1. started a background build on index A, a sparse index
2. attempted to build index B concurrently on the same collection, which failed with

 Btree::insert: key too large to index 


3. this failure closed the collection's cursors, which in turn also caused the build of index A to fail
4. the background index A build fails, but the index is still listed in db.col.getIndexes()
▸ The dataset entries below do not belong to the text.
(* Let $c$ be a closure operator on $\mathcal A$. If $c$ is idempotent, i.e. $c_A(c_A(m))=c_A(m)$ for all $A\in\mathcal A$ and $m\in\operatorname{sub}_{\mathcal A}A$, then $c^\rho$ is idempotent, i.e. $c^\rho_X(c^\rho_X(m))=c^\rho_X(m)$ for all $X\in\mathcal X$ and $m\in\operatorname{sub}X$.
   Context: Standing setting. $\mathcal X$ and $\mathcal A$ are finitely complete categories; $\mathcal X$ carries a proper factorization system $(\mathcal E,\mathcal M)$ and $\mathcal A$ a proper factorization system $(\mathcal F,\mathcal N)$ (proper: every member of $\mathcal E$, resp. $\mathcal F$, is an epimorphism and every member of $\mathcal M$, resp. $\mathcal N$, is a monomorphism). $\mathcal A$ is a full reflective subcategory of $\mathcal X$ with reflector $R:\mathcal X\to\mathcal A$ and reflection (unit) $\rho_X:X\to RX$; as in the paper's setting, $\mathcal N\subseteq\mathcal M$ and $R\mathcal E\subseteq\mathcal F$. For $X\in\mathcal X$, $\operatorname{sub}X$ is the class $\mathcal M/X$ of $\mathcal M$-morphisms with codomain $X$, preordered by $m\le n$ iff $m=nj$ for some morphism $j$; for $A\in\mathcal A$, $\operatorname{sub}_{\mathcal A}A=\mathcal N/A$ with the same preorder. For $f:X\to Y$ and $m\in\operatorname{sub}X$, the image $f(m)\in\operatorname{sub}Y$ is the $\mathcal M$-part of the $(\mathcal E,\mathcal M)$-factorization of $fm$, and for $n\in\operatorname{sub}Y$ the preimage $f^{-1}(n)\in\operatorname{sub}X$ is the pullback of $n$ along $f$ (analogously in $\mathcal A$ using $(\mathcal F,\mathcal N)$). A closure operator $c$ on $\mathcal A$ (with respect to $\mathcal N$) is a family of maps $c_A:\operatorname{sub}_{\mathcal A}A\to\operatorname{sub}_{\mathcal A}A$ ($A\in\mathcal A$) such that $m\le c_A(m)$, $m\le n\Rightarrow c_A(m)\le c_A(n)$, and $f(c_A(m))\le c_B(f(m))$ for every morphism $f:A\to B$ of $\mathcal A$; closure operators on $\mathcal X$ (with respect to $\mathcal M$) are defined likewise. For an arbitrary morphism $g:M\to A$ of $\mathcal A$, write $g(1_M)$ for the $\mathcal N$-part of its $(\mathcal F,\mathcal N)$-factorization and put $c_A(g):=c_A(g(1_M))$. The $R$-initial lift of $c$ is the closure operator $c^\rho$ on $\mathcal X$ given by $c^\rho_X(m)=\rho_X^{-1}(c_{RX}(Rm))$ for $X\in\mathcal X$, $m\in\operatorname{sub}X$. *)

theory Defs
  imports Main
begin

record ('o, 'a) cat =
  ob  :: "'o set"
  ar  :: "'a set"
  dm  :: "'a \<Rightarrow> 'o"
  cd  :: "'a \<Rightarrow> 'o"
  idm :: "'o \<Rightarrow> 'a"
  cmp :: "'a \<Rightarrow> 'a \<Rightarrow> 'a"   (* cmp C g f = g o f *)

definition hom :: "('o, 'a) cat \<Rightarrow> 'o \<Rightarrow> 'o \<Rightarrow> 'a set" where
  "hom C x y = {f \<in> ar C. dm C f = x \<and> cd C f = y}"

definition category :: "('o, 'a) cat \<Rightarrow> bool" where
  "category C \<longleftrightarrow>
     (\<forall>f\<in>ar C. dm C f \<in> ob C \<and> cd C f \<in> ob C) \<and>
     (\<forall>x\<in>ob C. idm C x \<in> hom C x x) \<and>
     (\<forall>f\<in>ar C. \<forall>g\<in>ar C. cd C f = dm C g \<longrightarrow> cmp C g f \<in> hom C (dm C f) (cd C g)) \<and>
     (\<forall>f\<in>ar C. cmp C f (idm C (dm C f)) = f \<and> cmp C (idm C (cd C f)) f = f) \<and>
     (\<forall>f\<in>ar C. \<forall>g\<in>ar C. \<forall>h\<in>ar C. cd C f = dm C g \<and> cd C g = dm C h \<longrightarrow>
        cmp C h (cmp C g f) = cmp C (cmp C h g) f)"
5. the user attempts to drop to index A with the intention of rebuilding it, but on removing the index, they get

2015-08-12T18:01:55.540-0700 [conn503836] SEVERE: Invalid access at address: 0
2015-08-12T18:01:55.546-0700 [conn503836] SEVERE: Got signal: 11 (Segmentation fault).
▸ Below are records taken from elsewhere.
lemma kernel_mean_error_le:
  fixes q :: "real \<Rightarrow> real"
  assumes qc: "continuous_on UNIV q" and per: "\<forall>x. q (x + 1) = q x" and x: "x \<in> {0..1}"
    and M: "\<And>t. t \<in> {0..1} \<Longrightarrow> \<bar>q t\<bar> \<le> M"
    and d: "0 < \<delta>" "\<delta> \<le> 1/2"
    and near: "\<And>y. \<bar>y - x\<bar> < \<delta> \<Longrightarrow> \<bar>q y - q x\<bar> \<le> e"
  shows "\<bar>kernel_mean m q x - q x\<bar> \<le> e + 2 * M * (real (2*m + 1) * cos (pi * \<delta>) ^ (2*m))"
proof -
  define B where "B t = cos_kernel m (x - t)" for t
  define c where "c = real (2*m choose m) / 4 ^ m"
  define Iq where "Iq = integral {0..1} (\<lambda>t. q t * B t)"
  define \<epsilon> where "\<epsilon> = 2 * M * cos (pi * \<delta>) ^ (2*m)"
  have c0: "c > 0" by (simp add: c_def)
  have \<epsilon>0: "0 \<le> \<epsilon>"
    using M[of 0] by (simp add: \<epsilon>_def power_mult)
  have iB: "(B has_integral c) {0..1}"
    unfolding B_def c_def by (rule has_integral_cos_kernel)
  have "((\<lambda>t. q t * B t) has_integral Iq) {0..1}" unfolding Iq_def B_def
    by (intro integrable_integral integrable_continuous_interval continuous_intros
        continuous_on_subset[OF qc]) auto
  then have idev: "((\<lambda>t. (q t - q x) * B t) has_integral Iq - q x * c) {0..1}"
    using has_integral_diff[OF _ has_integral_mult_right[OF iB, of "q x"]]
    by (simp add: algebra_simps)
  have ibound: "((\<lambda>t. e * B t + \<epsilon>) has_integral e * c + \<epsilon>) {0..1}"
    using has_integral_add[OF has_integral_mult_right[OF iB] has_integral_const_real[of \<epsilon> 0 1]]
    by simp
  have "\<bar>Iq - q x * c\<bar> \<le> e * c + \<epsilon>"
  proof (rule abs_has_integral_le[OF idev ibound])
    show "\<bar>(q t - q x) * B t\<bar> \<le> e * B t + \<epsilon>" if "t \<in> {0..1}" for t
      using deviation_times_cos_kernel_le[OF per x that M d near]
      by (simp add: B_def \<epsilon>_def abs_mult cos_kernel_nonneg)
  qed
  have "Iq / c - q x = (Iq - q x * c) / c"
    using c0 by (simp add: diff_divide_distrib)
  then have "\<bar>Iq / c - q x\<bar> = \<bar>Iq - q x * c\<bar> / c"
    using c0 by simp
  also have "\<dots> \<le> (e * c + \<epsilon>) / c"
    using c0 \<open>\<bar>Iq - q x * c\<bar> \<le> e * c + \<epsilon>\<close> by (intro divide_right_mono) auto
  also have "\<dots> = e + \<epsilon> * (1 / c)"
    using c0 by (simp add: add_divide_distrib)
  also have "\<dots> \<le> e + \<epsilon> * real (2*m + 1)"
  proof -
    have "1 / c \<le> real (2*m + 1)" using four_power_div_central_binomial_le[of m] by (simp add: c_def)
    then show ?thesis using \<epsilon>0 by (intro add_left_mono mult_left_mono)
  qed
  finally show ?thesis
    by (simp add: kernel_mean_def Iq_def B_def c_def \<epsilon>_def mult.commute mult.left_commute)
qed

lemma tendsto_kernel_mean:
  fixes q :: "real \<Rightarrow> real"
  assumes qc: "continuous_on UNIV q" and per: "\<forall>x. q (x + 1) = q x" and x: "x \<in> {0..1}"
  shows "(\<lambda>m. kernel_mean m q x) \<longlonglongrightarrow> q x"
proof (rule LIMSEQ_I)
  fix \<epsilon> :: real assume \<epsilon>: "\<epsilon> > 0"
  have "bounded (q ` {0..1})"
    by (intro compact_imp_bounded compact_continuous_image continuous_on_subset[OF qc]) auto
  then obtain M where M0: "M > 0" and M: "\<And>t. t \<in> {0..1} \<Longrightarrow> \<bar>q t\<bar> \<le> M"
    by (auto simp: bounded_pos)
  have "isCont q x" using qc by (simp add: continuous_on_eq_continuous_at)
  then obtain \<delta>0 where \<delta>0: "\<delta>0 > 0" and near0: "\<And>y. dist y x < \<delta>0 \<Longrightarrow> dist (q y) (q x) < \<epsilon> / 2"
    using \<epsilon> unfolding continuous_at_eps_delta by (meson half_gt_zero)
  define \<delta> where "\<delta> = min \<delta>0 (1/2)"
  have d: "0 < \<delta>" "\<delta> \<le> 1/2" using \<delta>0 by (auto simp: \<delta>_def)
  have near: "\<bar>q y - q x\<bar> \<le> \<epsilon> / 2" if "\<bar>y - x\<bar> < \<delta>" for y
    using near0[of y] that by (simp add: \<delta>_def dist_real_def)
  have "0 \<le> pi * \<delta>" "pi * \<delta> \<le> pi / 2" using d by simp_all
  then have "0 \<le> cos (pi * \<delta>)" using pi_gt_zero by (intro cos_ge_zero) linarith+
  moreover have "cos (pi * \<delta>) < 1" using cos_monotone_0_pi[of 0 "pi * \<delta>"] d by simp
  ultimately have "(\<lambda>m. real (2*m + 1) * cos (pi * \<delta>) ^ (2*m)) \<longlonglongrightarrow> 0"
    by (rule linear_times_even_power_tendsto_zero)
  then have "eventually (\<lambda>m. real (2*m + 1) * cos (pi * \<delta>) ^ (2*m) < \<epsilon> / (4 * M)) sequentially"
    using \<epsilon> M0 by (intro order_tendstoD) auto
  then obtain m0 where m0: "\<And>m. m \<ge> m0 \<Longrightarrow> real (2*m + 1) * cos (pi * \<delta>) ^ (2*m) < \<epsilon> / (4 * M)"
    by (auto simp: eventually_sequentially)
  show "\<exists>m0. \<forall>m\<ge>m0. norm (kernel_mean m q x - q x) < \<epsilon>"
  proof (intro exI allI impI)
    fix m assume "m \<ge> m0"
    have "\<bar>kernel_mean m q x - q x\<bar> \<le> \<epsilon> / 2 + 2 * M * (real (2*m + 1) * cos (pi * \<delta>) ^ (2*m))"
      by (rule kernel_mean_error_le[OF qc per x M d near])
    also have "\<dots> < \<epsilon> / 2 + 2 * M * (\<epsilon> / (4 * M))"
      using m0[OF \<open>m \<ge> m0\<close>] M0 by (intro add_strict_left_mono mult_strict_left_mono) auto
    also have "\<dots> = \<epsilon>" using M0 by (simp add: field_simps)
    finally show "norm (kernel_mean m q x - q x) < \<epsilon>" by simp
  qed
qed

definition inv_cov_term :: "(real \<Rightarrow> real) \<Rightarrow> (real \<Rightarrow> real) \<Rightarrow> int \<Rightarrow> real" where
  "inv_cov_term K q n =
     (if Re (fourier_coeff K n) = 0 then 0
      else (cmod (fourier_coeff q n))\<^sup>2 / Re (fourier_coeff K n))"

lemma abs_cos_kernel_integral_le:
  assumes "continuous_on UNIV q"
  shows "\<bar>4 ^ m * integral {0..1} (\<lambda>t. q t * cos_kernel m (x - t))\<bar>
         \<le> (\<Sum>k\<le>2*m. real (2*m choose k) * cmod (fourier_coeff q (int k - int m)))"
proof -
  have "\<bar>4 ^ m * integral {0..1} (\<lambda>t. q t * cos_kernel m (x - t))\<bar>
      = cmod (\<Sum>k\<le>2*m. of_nat (2*m choose k) * fourier_coeff q (int k - int m)
                        * cis (2 * pi * of_int (int k - int m) * x))"
    by (simp only: fourier_sum_cos_kernel[OF assms] norm_of_real)
  also have "\<dots> \<le> (\<Sum>k\<le>2*m. cmod (of_nat (2*m choose k) * fourier_coeff q (int k - int m)
                                   * cis (2 * pi * of_int (int k - int m) * x)))"
    by (rule norm_sum)
  also have "\<dots> = (\<Sum>k\<le>2*m. real (2*m choose k) * cmod (fourier_coeff q (int k - int m)))"
    by (simp add: norm_mult)
  finally show ?thesis .
qed

lemma cos_kernel_fourier_sum_le:
  assumes Kc: "continuous_on UNIV K" and Kb: "\<And>t. K t \<le> K 0"
  shows "(\<Sum>k\<le>2*m. real (2*m choose k) * Re (fourier_coeff K (int k - int m)))
         \<le> K 0 * real (2*m choose m)"
proof -
  have "(\<Sum>k\<le>2*m. real (2*m choose k) * Re (fourier_coeff K (int k - int m)))
      = Re (\<Sum>k\<le>2*m. of_nat (2*m choose k) * fourier_coeff K (int k - int m)
                        * cis (2 * pi * of_int (int k - int m) * 0))"
    by simp
  also have "\<dots> = 4 ^ m * integral {0..1} (\<lambda>t. K t * cos_kernel m (0 - t))"
    by (simp only: fourier_sum_cos_kernel[OF Kc] Re_complex_of_real)
  also have "\<dots> \<le> 4 ^ m * (K 0 * (real (2*m choose m) / 4 ^ m))"
  proof (rule mult_left_mono)
    have "((\<lambda>t. K t * cos_kernel m (0 - t)) has_integral
            integral {0..1} (\<lambda>t. K t * cos_kernel m (0 - t))) {0..1}"
      by (intro integrable_integral integrable_continuous_interval continuous_intros
          continuous_on_subset[OF Kc]) auto
    then show "integral {0..1} (\<lambda>t. K t * cos_kernel m (0 - t)) \<le> K 0 * (real (2*m choose m) / 4 ^ m)"
      using has_integral_mult_right[OF has_integral_cos_kernel[of m 0], of "K 0"]
      by (rule has_integral_le) (intro mult_right_mono Kb cos_kernel_nonneg)
  qed simp
  finally show ?thesis by simp
qed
Backtrace:0x1219651 0x1218a2e 0x1218b1f 0x7f2172d84cb0 0x8dcd27 0xb999d5 0x948df7 0x94bf59 0xa31b8a 0xa33d21 0xa35468 0xd74992 0xbb2bd2 0xbb41f0 0x7728f8 0x11cedeb 0x7f2172d7ce9a 0x7f21720902ed
 /home/madmin/deploy/lib/mongodb/bin/mongod(_ZN5mongo15printStackTraceERSo+0x21) [0x1219651]
 /home/madmin/deploy/lib/mongodb/bin/mongod() [0x1218a2e]
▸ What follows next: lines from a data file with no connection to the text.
lemma comm_inv_right:
  assumes g: "g \<in> carrier G" and a: "a \<in> carrier G" and c: "comm G g a \<in> center"
  shows "comm G g (inv a) = inv (comm G g a)"
proof -
  have prod: "comm G g a \<otimes> comm G g (inv a) = \<one>"
    using comm_mult_right[OF g a inv_closed[OF a] c] g a by (simp add: comm_def m_assoc)
  show ?thesis
    using inv_equality[OF inv_comm[OF prod]] g a by simp
qed

lemma subgroup_second_center: "subgroup second_center G"
proof (rule subgroupI)
  show "second_center \<subseteq> carrier G"
    by (auto simp: second_center_def)
  show "second_center \<noteq> {}"
    using one_in_center by (auto simp: second_center_def comm_def)
next
  fix a assume a: "a \<in> second_center"
  have "comm G g (inv a) \<in> center" if "g \<in> carrier G" for g
    using a that comm_inv_right center_inv by (simp add: second_center_def)
  then show "inv a \<in> second_center"
    using a by (simp add: second_center_def)
next
  fix a b assume a: "a \<in> second_center" and b: "b \<in> second_center"
  have "comm G g (a \<otimes> b) \<in> center" if "g \<in> carrier G" for g
    using a b that comm_mult_right center_mult by (simp add: second_center_def)
  then show "a \<otimes> b \<in> second_center"
    using a b by (simp add: second_center_def)
qed
(* Consider $\ell$ i.i.d. samples from the structural equation model of the context with $N_y\sim\mathcal{N}(0,\sigma_y^2)$, $\sigma_y>0$, and suppose the null hypothesis $H_0:\beta=0$ holds. Let $S_1,\dots,S_m\subseteq\{1,\dots,q\}$, let $\hat\gamma\in\mathbb{R}^q$ be an estimate of $\gamma$ that is held fixed (conditioned upon, not depending on $\mathbf{N}_y$), and let $\pi_1,\dots,\pi_M$ be independent uniformly random permutations of $\{1,\dots,\ell\}$, independent of the data. Let $p$ be the p-value produced by the permutation test described in the context. Then $$\mathbb{P}\big(p\le\alpha\,\big|\,\mathbf{X},\mathbf{W},\gamma,\hat\gamma\big)\le\alpha+\frac{\sqrt{M}\,\|\mathbf{W}(\gamma-\hat\gamma)\|}{2\sigma_y}\quad\text{for all }\alpha\in(0,1).$$
   Context: Structural equation model: zero-mean mutually independent noises $N_z\in\mathbb{R}^r$, $N_w\in\mathbb{R}^q$, $N_x\in\mathbb{R}^d$, $N_y\in\mathbb{R}$ with diagonal covariances; $Z=N_z$, $W=\mathbf{A}Z+N_w$, $X=\mathbf{B}Z+N_x$, $Y=\beta^\top X+\gamma^\top W+N_y$, with $\mathbf{A}\in\mathbb{R}^{q\times r}$, $\mathbf{B}\in\mathbb{R}^{d\times r}$, $\beta\in\mathbb{R}^d$, $\gamma\in\mathbb{R}^q$. Data: $\ell$ i.i.d. draws $(y_i,x_i,w_i,n_{y,i})$, stacked as $\mathbf{Y}\in\mathbb{R}^\ell$, $\mathbf{X}\in\mathbb{R}^{\ell\times d}$, $\mathbf{W}\in\mathbb{R}^{\ell\times q}$, $\mathbf{N}_y\in\mathbb{R}^\ell$; $\mathbf{W}_S$ denotes the columns of $\mathbf{W}$ indexed by $S$. For a response vector $\mathbf{Y}'\in\mathbb{R}^\ell$ and $S$, $\hat\beta(S;\mathbf{Y}')\in\mathbb{R}^d$ denotes the coefficients of $\mathbf{X}$ in the ordinary least-squares regression of $\mathbf{Y}'$ on $[\mathbf{X},\mathbf{W}_S]$. Stability statistic: $\mathcal{V}(v_1,\dots,v_m)=1-\frac{\|m^{-1}\sum_{j}v_j\|^2}{m^{-1}\sum_j\|v_j\|^2}$. Permutation test: set $\mathcal{V}_0=\mathcal{V}(\hat\beta(S_1;\mathbf{Y}),\dots,\hat\beta(S_m;\mathbf{Y}))$. Let $\hat{\mathbf{N}}=\mathbf{Y}-\mathbf{W}\hat\gamma=(\hat n_1,\dots,\hat n_\ell)^\top$ and, for a permutation $\pi$, $\hat{\mathbf{N}}^\pi=(\hat n_{\pi(1)},\dots,\hat n_{\pi(\ell)})^\top$ and $\hat{\mathbf{Y}}(\pi)=\mathbf{W}\hat\gamma+\hat{\mathbf{N}}^\pi$. For $i=1,\dots,M$ set $\mathcal{V}_i=\mathcal{V}(\hat\beta(S_1;\hat{\mathbf{Y}}(\pi_i)),\dots,\hat\beta(S_m;\hat{\mathbf{Y}}(\pi_i)))$. The p-value is $p=\big(\sum_{i=1}^M\mathbf{1}\{\mathcal{V}_i\ge\mathcal{V}_0\}+1\big)/(M+1)$. *)

theory Defs
  imports "HOL-Probability.Probability"
begin

text \<open>The sample index set, the X-coordinates and the W-coordinates are
finite types 'l, 'd, 'q (so ell = CARD('l), d = CARD('d), q = CARD('q)).
Data matrices are functions: X i k is row i, column k.\<close>

definition mat_vec :: "('l \<Rightarrow> 'c::finite \<Rightarrow> real) \<Rightarrow> ('c \<Rightarrow> real) \<Rightarrow> 'l \<Rightarrow> real" where
  "mat_vec A v = (\<lambda>i. \<Sum>k\<in>UNIV. A i k * v k)"

definition vnorm :: "('a::finite \<Rightarrow> real) \<Rightarrow> real" where
  "vnorm v = sqrt (\<Sum>i\<in>UNIV. (v i)\<^sup>2)"

definition rss :: "('l::finite \<Rightarrow> 'd::finite \<Rightarrow> real) \<Rightarrow> ('l \<Rightarrow> 'q::finite \<Rightarrow> real) \<Rightarrow> 'q set
    \<Rightarrow> ('l \<Rightarrow> real) \<Rightarrow> ('d \<Rightarrow> real) \<Rightarrow> ('q \<Rightarrow> real) \<Rightarrow> real" where
  "rss X W S Y' b c = (\<Sum>i\<in>UNIV. (Y' i - (\<Sum>k\<in>UNIV. X i k * b k) - (\<Sum>k\<in>S. W i k * c k))\<^sup>2)"

definition ls_sols :: "('l::finite \<Rightarrow> 'd::finite \<Rightarrow> real) \<Rightarrow> ('l \<Rightarrow> 'q::finite \<Rightarrow> real) \<Rightarrow> 'q set
    \<Rightarrow> ('l \<Rightarrow> real) \<Rightarrow> (('d \<Rightarrow> real) \<times> ('q \<Rightarrow> real)) set" where
  "ls_sols X W S Y' = {(b, c). (\<forall>k. k \<notin> S \<longrightarrow> c k = 0) \<and>
      (\<forall>b' c'. (\<forall>k. k \<notin> S \<longrightarrow> c' k = 0) \<longrightarrow> rss X W S Y' b c \<le> rss X W S Y' b' c')}"

text \<open>OLS coefficients of X: the X-part of the (minimum-norm) least-squares solution;
this is the usual OLS estimate whenever [X, W_S] has full column rank.\<close>
definition ols_beta :: "('l::finite \<Rightarrow> 'd::finite \<Rightarrow> real) \<Rightarrow> ('l \<Rightarrow> 'q::finite \<Rightarrow> real) \<Rightarrow> 'q set
    \<Rightarrow> ('l \<Rightarrow> real) \<Rightarrow> 'd \<Rightarrow> real" where
  "ols_beta X W S Y' = fst (THE bc. bc \<in> ls_sols X W S Y' \<and>
      (\<forall>bc' \<in> ls_sols X W S Y'.
         (\<Sum>k\<in>UNIV. (fst bc k)\<^sup>2) + (\<Sum>k\<in>UNIV. (snd bc k)\<^sup>2)
         \<le> (\<Sum>k\<in>UNIV. (fst bc' k)\<^sup>2) + (\<Sum>k\<in>UNIV. (snd bc' k)\<^sup>2)))"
 /home/madmin/deploy/lib/mongodb/bin/mongod() [0x1218b1f]
 /lib/x86_64-linux-gnu/libpthread.so.0(+0xfcb0) [0x7f2172d84cb0]
 /home/madmin/deploy/lib/mongodb/bin/mongod(_ZN5mongo12IndexCatalog23killMatchingIndexBuildsERKNS0_17IndexKillCriteriaE+0x217) [0x8dcd27]
 /home/madmin/deploy/lib/mongodb/bin/mongod(_ZN5mongo12IndexBuilder23killMatchingIndexBuildsEPNS_10CollectionERKNS_12IndexCatalog17IndexKillCriteriaE+0x15) [0xb999d5]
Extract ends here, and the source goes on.